Description of the task:
Whenever a line in the entries below contains "Union", copy that line.

################

lemma qraise_perm_act:
  assumes s: "\<sigma> permutes {..<n}"
  shows "qraise n (perm_act \<sigma> v) = perm_act \<sigma> (qraise n v)"
proof
  fix T
  have b: "bij \<sigma>" using s permutes_bij by blast
  have inj: "inj \<sigma>" using b bij_is_inj by blast
  have "(\<Sum>j\<in>T. v (\<sigma> -` (T - {j}))) = (\<Sum>j\<in>\<sigma> -` T. v (\<sigma> -` T - {j}))"
  proof (rule sum.reindex_bij_witness[where i = \<sigma> and j = "inv \<sigma>"])
    fix a assume "a \<in> T" then show "\<sigma> (inv \<sigma> a) = a" using b by (meson bij_is_surj surj_f_inv_f)
  next
    fix a assume "a \<in> T" then show "inv \<sigma> a \<in> \<sigma> -` T" using b by (simp add: bij_is_surj surj_f_inv_f)
  next
    fix c assume "c \<in> \<sigma> -` T" then show "inv \<sigma> (\<sigma> c) = c" using inj by simp
  next
    fix c assume "c \<in> \<sigma> -` T" then show "\<sigma> c \<in> T" by simp
  next
    fix a assume "a \<in> T"
    have "\<sigma> (inv \<sigma> a) = a" using b by (meson bij_is_surj surj_f_inv_f)
    then have "\<sigma> -` (T - {a}) = \<sigma> -` T - {inv \<sigma> a}" using inj by (auto simp: inj_eq)
    then show "v (\<sigma> -` T - {inv \<sigma> a}) = v (\<sigma> -` (T - {a}))" by simp
  qed
  then show "qraise n (perm_act \<sigma> v) T = perm_act \<sigma> (qraise n v) T"
    unfolding qraise_def perm_act_vimage[OF b] using permutes_vimage_subset_iff[OF s] by simp
qed

lemma qraise_power_perm_act:
  "\<sigma> permutes {..<n} \<Longrightarrow> (qraise n ^^ j) (perm_act \<sigma> v) = perm_act \<sigma> ((qraise n ^^ j) v)"
  by (induction j) (simp_all add: qraise_perm_act)

lemma qraise_power_qspace: "v \<in> qspace n \<Longrightarrow> (qraise n ^^ j) v \<in> qspace n"
  by (induction j) (simp_all add: qraise_qspace)

lemma equivariant_mapsI:
  assumes "qlinear g" "\<And>v. v \<in> qspace n \<Longrightarrow> g v \<in> qspace n"
    "\<And>\<sigma> v. \<sigma> permutes {..<n} \<Longrightarrow> g (perm_act \<sigma> v) = perm_act \<sigma> (g v)"
  shows "g \<in> equivariant_maps n x"
  unfolding equivariant_maps_def using assms specht_qspace
  by (auto simp: qlinear_add qlinear_scale)

lemma isotypicI: "g \<in> equivariant_maps n x \<Longrightarrow> u \<in> specht n x \<Longrightarrow> g u \<in> isotypic n x"
  unfolding isotypic_def by (rule qspan_superset) blast

lemma qraise_power_isotypic: "u \<in> specht n x \<Longrightarrow> (qraise n ^^ j) u \<in> isotypic n x"
  by (rule isotypicI[OF equivariant_mapsI])
     (simp_all add: qlinear_funpow qlinear_qraise qraise_power_qspace qraise_power_perm_act)

lemma qsubspace_isotypic: "qsubspace (isotypic n x)"
  unfolding isotypic_def by (rule qsubspace_qspan)

lemma qflip_isotypic:
  assumes "y \<in> isotypic n x"
  shows "qflip n y \<in> isotypic n x"
  using assms unfolding isotypic_def
proof (rule qlinear_qspan[OF qlinear_qflip, rotated])
  fix a assume "a \<in> (\<Union>g\<in>equivariant_maps n x. g ` specht n x)"
  then obtain g u where g: "g \<in> equivariant_maps n x" and u: "u \<in> specht n x" and a: "a = g u" by blast
  have g': "qflip n \<circ> g \<in> equivariant_maps n x"
    using g unfolding equivariant_maps_def
    by (simp add: qflip_qspace qflip_perm_act qlinear_add[OF qlinear_qflip] qlinear_scale[OF qlinear_qflip])
  have "(qflip n \<circ> g) u \<in> (\<Union>g\<in>equivariant_maps n x. g ` specht n x)"
    by (rule UN_I[OF g' imageI[OF u]])
  then show "qflip n a \<in> qspan (\<Union>g\<in>equivariant_maps n x. g ` specht n x)"
    unfolding a using qspan_superset by simp
qed

lemma weight_space_isotypic_decomposition_low:
  assumes "2 * w \<le> n" "v \<in> weight_space n w"
  shows "\<exists>part. (\<forall>x. part x \<in> isotypic n x) \<and> v = (\<lambda>S. \<Sum>x\<le>n div 2. part x S)"
proof -
  obtain k where k: "\<forall>x\<le>w. k x \<in> weight_space n x \<and> qlower n (k x) = qzero"
    and v: "v = (\<lambda>S. \<Sum>x\<le>w. (qraise n ^^ (w - x)) (k x) S)"
    using weight_space_primitive_decomposition[OF assms] by blast
  define part where "part x = (if x \<le> w then (qraise n ^^ (w - x)) (k x) else qzero)" for x
  have "part x \<in> isotypic n x" for x
  proof (cases "x \<le> w")
    case True
    then have "k x \<in> specht n x" using k primitive_specht assms(1) by simp
    then show ?thesis using True qraise_power_isotypic unfolding part_def by simp
  qed (simp add: part_def qsubspace_zero[OF qsubspace_isotypic])
  moreover have "(\<Sum>x\<le>w. part x S) = (\<Sum>x\<le>n div 2. part x S)" for S
    by (rule sum.mono_neutral_left) (use assms(1) in \<open>auto simp: part_def qzero_def\<close>)
  then have "v = (\<lambda>S. \<Sum>x\<le>n div 2. part x S)" unfolding v part_def by simp
  ultimately show ?thesis by blast
qed

text \<open>Weights above n/2 are reduced to the previous case by complementing the bit strings.\<close>

lemma weight_space_isotypic_decomposition:
  assumes "v \<in> weight_space n w" "w \<le> n"
  shows "\<exists>part. (\<forall>x. part x \<in> isotypic n x) \<and> v = (\<lambda>S. \<Sum>x\<le>n div 2. part x S)"
proof (cases "2 * w \<le> n")
  case True
  then show ?thesis using weight_space_isotypic_decomposition_low assms(1) by blast
next
  case False
  then have "2 * (n - w) \<le> n" by simp
  from weight_space_isotypic_decomposition_low[OF this qflip_weight_space[OF assms]]
  obtain part where part: "\<forall>x. part x \<in> isotypic n x"
    and flip: "qflip n v = (\<lambda>S. \<Sum>x\<le>n div 2. part x S)"
    by (elim exE conjE)
  have "v = qflip n (qflip n v)" using qflip_qflip weight_space_qspace[OF assms(1)] by simp
  also have "\<dots> = (\<lambda>S. \<Sum>x\<le>n div 2. qflip n (part x) S)"
    unfolding flip by (rule qlinear_sum[OF qlinear_qflip]) simp
  finally have "v = (\<lambda>S. \<Sum>x\<le>n div 2. qflip n (part x) S)" .
  with part show ?thesis by (intro exI[of _ "\<lambda>x. qflip n (part x)"]) (simp add: qflip_isotypic)
qed

section \<open>The sum of transpositions\<close>

text \<open>K = \<Sum>_{i\<noteq>j} (1 - (i j)) is central in the group algebra of S_n; on the isotypic
  component of (n-x,x) it acts by n(n-1) minus twice the content sum of (n-x,x), i.e. by
  2x(n-x+1).\<close>

definition offdiag :: "nat \<Rightarrow> (nat \<times> nat) set" where
  "offdiag n = Sigma {..<n} (\<lambda>i. {..<n} - {i})"

definition qcasimir :: "nat \<Rightarrow> qvec \<Rightarrow> qvec" where
  "qcasimir n v = (\<lambda>S. \<Sum>p\<in>offdiag n. v S - perm_act (transpose (fst p) (snd p)) v S)"

definition casimir_eigenvalue :: "nat \<Rightarrow> nat \<Rightarrow> real" where
  "casimir_eigenvalue n x = 2 * real x * (real n - real x + 1)"

lemma finite_offdiag: "finite (offdiag n)"
  by (simp add: offdiag_def)

lemma qlinear_qcasimir: "qlinear (qcasimir n)"
  by (simp add: qlinear_def qcasimir_def perm_act_def qadd_def qscale_def fun_eq_iff sum.distrib
      sum_distrib_left sum_subtractf algebra_simps)

lemma perm_act_transpose: "perm_act (transpose i j) v S = v (transpose i j ` S)"
  by (simp add: perm_act_def)

lemma transpose_image:
  assumes "i \<noteq> j"
  shows "transpose i j ` S = (if i \<in> S \<and> j \<notin> S then insert j (S - {i})
    else if j \<in> S \<and> i \<notin> S then insert i (S - {j}) else S)"
proof (cases "i \<in> S \<longleftrightarrow> j \<in> S")
  case True then show ?thesis by auto
next
  case False then show ?thesis using assms
    by (intro set_eqI) (auto simp: in_transpose_image_iff transpose_def)
qed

################

Answer to the exercise:
  fix a assume "a \<in> (\<Union>g\<in>equivariant_maps n x. g ` specht n x)"
  have "(qflip n \<circ> g) u \<in> (\<Union>g\<in>equivariant_maps n x. g ` specht n x)"
  then show "qflip n a \<in> qspan (\<Union>g\<in>equivariant_maps n x. g ` specht n x)"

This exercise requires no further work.